◆ **What to produce**
Set down the data that follows again, exactly as written.

***** Supplied material *****

(* Let $(R,\mathfrak{m})$ be a commutative Noetherian local ring of prime characteristic $p$, and suppose there is a left $R[x,f]$-module $E$ which, as an $R$-module, is isomorphic to $E_R(R/\mathfrak{m})$. Let $\widetilde{E}=\bigoplus_{n\in\mathbb{N}_0}E_n$ with each $E_n=E$, the graded left $R[x,f]$-module in which $x$ maps $e\in E_n$ to $xe\in E_{n+1}$. Let $M$ be a non-zero $R$-module of finite length whose zero submodule is irreducible (i.e. is not the intersection of two non-zero submodules). Then there exists a homogeneous $R[x,f]$-homomorphism $\lambda=\bigoplus_{i\in\mathbb{N}_0}\lambda_i:R[x,f]\otimes_RM=\bigoplus_{i\in\mathbb{N}_0}(Rx^i\otimes_RM)\to\widetilde{E}$ such that $\lambda_0$ is a monomorphism.
   Context: $R[x,f]$ denotes the Frobenius skew polynomial ring over $R$: as a left $R$-module it is free on $(x^i)_{i\in\mathbb{N}_0}$, with multiplication subject to $xr = r^px$; it is graded with $n$th component $Rx^n$, viewed as an $(R,R)$-bimodule (so $rx^i\cdot s=rs^{p^i}x^i$), and $R[x,f]\otimes_RM=\bigoplus_i(Rx^i\otimes_RM)$ is a graded left $R[x,f]$-module. $\lambda_i$ denotes the restriction of $\lambda$ to the degree-$i$ component. *)

theory Defs
  imports Main HOL.Modules "HOL-Library.Poly_Mapping" "HOL-Computational_Algebra.Primes"
begin

definition is_ideal :: "'a::comm_ring_1 set \<Rightarrow> bool" where
  "is_ideal I \<longleftrightarrow> module.subspace ((*) :: 'a \<Rightarrow> 'a \<Rightarrow> 'a) I"

definition noetherian_ring :: "'a::comm_ring_1 itself \<Rightarrow> bool" where
  "noetherian_ring _ \<longleftrightarrow>
     (\<forall>I::'a set. is_ideal I \<longrightarrow> (\<exists>S. finite S \<and> I = module.span (*) S))"

definition maximal_ideal :: "'a::comm_ring_1 set \<Rightarrow> bool" where
  "maximal_ideal m \<longleftrightarrow> is_ideal m \<and> m \<noteq> UNIV \<and>
     (\<forall>J. is_ideal J \<longrightarrow> m \<subseteq> J \<longrightarrow> J = m \<or> J = UNIV)"

definition local_ring :: "'a::comm_ring_1 set \<Rightarrow> bool" where
  "local_ring m \<longleftrightarrow> maximal_ideal m \<and> (\<forall>n. maximal_ideal n \<longrightarrow> n = m)"

definition has_prime_char :: "'a::comm_ring_1 itself \<Rightarrow> nat \<Rightarrow> bool" where
  "has_prime_char _ p \<longleftrightarrow> prime p \<and> of_nat p = (0::'a)"

definition annihilator :: "('a::comm_ring_1 \<Rightarrow> 'b::ab_group_add \<Rightarrow> 'b) \<Rightarrow> 'b \<Rightarrow> 'a set" where
  "annihilator s e = {r. s r e = 0}"

text \<open>Injectivity of an R-module, via Baer's criterion: every R-linear map from an
  ideal of R into E extends to an R-linear map R \<rightarrow> E.\<close>
definition injective_module :: "('a::comm_ring_1 \<Rightarrow> 'b::ab_group_add \<Rightarrow> 'b) \<Rightarrow> bool" where
  "injective_module s \<longleftrightarrow>
     (\<forall>I h. is_ideal I \<longrightarrow>
        (\<forall>a\<in>I. \<forall>b\<in>I. h (a + b) = h a + h b) \<longrightarrow>
        (\<forall>r. \<forall>a\<in>I. h (r * a) = s r (h a)) \<longrightarrow>
        (\<exists>g. (\<forall>a b. g (a + b) = g a + g b) \<and> (\<forall>r a. g (r * a) = s r (g a)) \<and>
             (\<forall>a\<in>I. g a = h a)))"

text \<open>E is (isomorphic to) the injective hull E_R(R/m): E is injective and is an essential
  extension of a submodule R e isomorphic to R/m (i.e. cyclic with annihilator m).\<close>
definition injective_hull_residue_field ::
    "('a::comm_ring_1 \<Rightarrow> 'b::ab_group_add \<Rightarrow> 'b) \<Rightarrow> 'a set \<Rightarrow> bool" where
  "injective_hull_residue_field s m \<longleftrightarrow>
     module s \<and> injective_module s \<and>
     (\<exists>e. annihilator s e = m \<and>
        (\<forall>N. module.subspace s N \<longrightarrow> N \<noteq> {0} \<longrightarrow>
             (\<exists>y\<in>N. y \<noteq> 0 \<and> y \<in> module.span s {e})))"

*****

◆ **Finished exercise**
(* Let $(R,\mathfrak{m})$ be a commutative Noetherian local ring of prime characteristic $p$, and suppose there is a left $R[x,f]$-module $E$ which, as an $R$-module, is isomorphic to $E_R(R/\mathfrak{m})$. Let $\widetilde{E}=\bigoplus_{n\in\mathbb{N}_0}E_n$ with each $E_n=E$, the graded left $R[x,f]$-module in which $x$ maps $e\in E_n$ to $xe\in E_{n+1}$. Let $M$ be a non-zero $R$-module of finite length whose zero submodule is irreducible (i.e. is not the intersection of two non-zero submodules). Then there exists a homogeneous $R[x,f]$-homomorphism $\lambda=\bigoplus_{i\in\mathbb{N}_0}\lambda_i:R[x,f]\otimes_RM=\bigoplus_{i\in\mathbb{N}_0}(Rx^i\otimes_RM)\to\widetilde{E}$ such that $\lambda_0$ is a monomorphism.
   Context: $R[x,f]$ denotes the Frobenius skew polynomial ring over $R$: as a left $R$-module it is free on $(x^i)_{i\in\mathbb{N}_0}$, with multiplication subject to $xr = r^px$; it is graded with $n$th component $Rx^n$, viewed as an $(R,R)$-bimodule (so $rx^i\cdot s=rs^{p^i}x^i$), and $R[x,f]\otimes_RM=\bigoplus_i(Rx^i\otimes_RM)$ is a graded left $R[x,f]$-module. $\lambda_i$ denotes the restriction of $\lambda$ to the degree-$i$ component. *)

theory Defs
  imports Main HOL.Modules "HOL-Library.Poly_Mapping" "HOL-Computational_Algebra.Primes"
begin

definition is_ideal :: "'a::comm_ring_1 set \<Rightarrow> bool" where
  "is_ideal I \<longleftrightarrow> module.subspace ((*) :: 'a \<Rightarrow> 'a \<Rightarrow> 'a) I"

definition noetherian_ring :: "'a::comm_ring_1 itself \<Rightarrow> bool" where
  "noetherian_ring _ \<longleftrightarrow>
     (\<forall>I::'a set. is_ideal I \<longrightarrow> (\<exists>S. finite S \<and> I = module.span (*) S))"

definition maximal_ideal :: "'a::comm_ring_1 set \<Rightarrow> bool" where
  "maximal_ideal m \<longleftrightarrow> is_ideal m \<and> m \<noteq> UNIV \<and>
     (\<forall>J. is_ideal J \<longrightarrow> m \<subseteq> J \<longrightarrow> J = m \<or> J = UNIV)"

definition local_ring :: "'a::comm_ring_1 set \<Rightarrow> bool" where
  "local_ring m \<longleftrightarrow> maximal_ideal m \<and> (\<forall>n. maximal_ideal n \<longrightarrow> n = m)"

definition has_prime_char :: "'a::comm_ring_1 itself \<Rightarrow> nat \<Rightarrow> bool" where
  "has_prime_char _ p \<longleftrightarrow> prime p \<and> of_nat p = (0::'a)"

definition annihilator :: "('a::comm_ring_1 \<Rightarrow> 'b::ab_group_add \<Rightarrow> 'b) \<Rightarrow> 'b \<Rightarrow> 'a set" where
  "annihilator s e = {r. s r e = 0}"

text \<open>Injectivity of an R-module, via Baer's criterion: every R-linear map from an
  ideal of R into E extends to an R-linear map R \<rightarrow> E.\<close>
definition injective_module :: "('a::comm_ring_1 \<Rightarrow> 'b::ab_group_add \<Rightarrow> 'b) \<Rightarrow> bool" where
  "injective_module s \<longleftrightarrow>
     (\<forall>I h. is_ideal I \<longrightarrow>
        (\<forall>a\<in>I. \<forall>b\<in>I. h (a + b) = h a + h b) \<longrightarrow>
        (\<forall>r. \<forall>a\<in>I. h (r * a) = s r (h a)) \<longrightarrow>
        (\<exists>g. (\<forall>a b. g (a + b) = g a + g b) \<and> (\<forall>r a. g (r * a) = s r (g a)) \<and>
             (\<forall>a\<in>I. g a = h a)))"

text \<open>E is (isomorphic to) the injective hull E_R(R/m): E is injective and is an essential
  extension of a submodule R e isomorphic to R/m (i.e. cyclic with annihilator m).\<close>
definition injective_hull_residue_field ::
    "('a::comm_ring_1 \<Rightarrow> 'b::ab_group_add \<Rightarrow> 'b) \<Rightarrow> 'a set \<Rightarrow> bool" where
  "injective_hull_residue_field s m \<longleftrightarrow>
     module s \<and> injective_module s \<and>
     (\<exists>e. annihilator s e = m \<and>
        (\<forall>N. module.subspace s N \<longrightarrow> N \<noteq> {0} \<longrightarrow>
             (\<exists>y\<in>N. y \<noteq> 0 \<and> y \<in> module.span s {e})))"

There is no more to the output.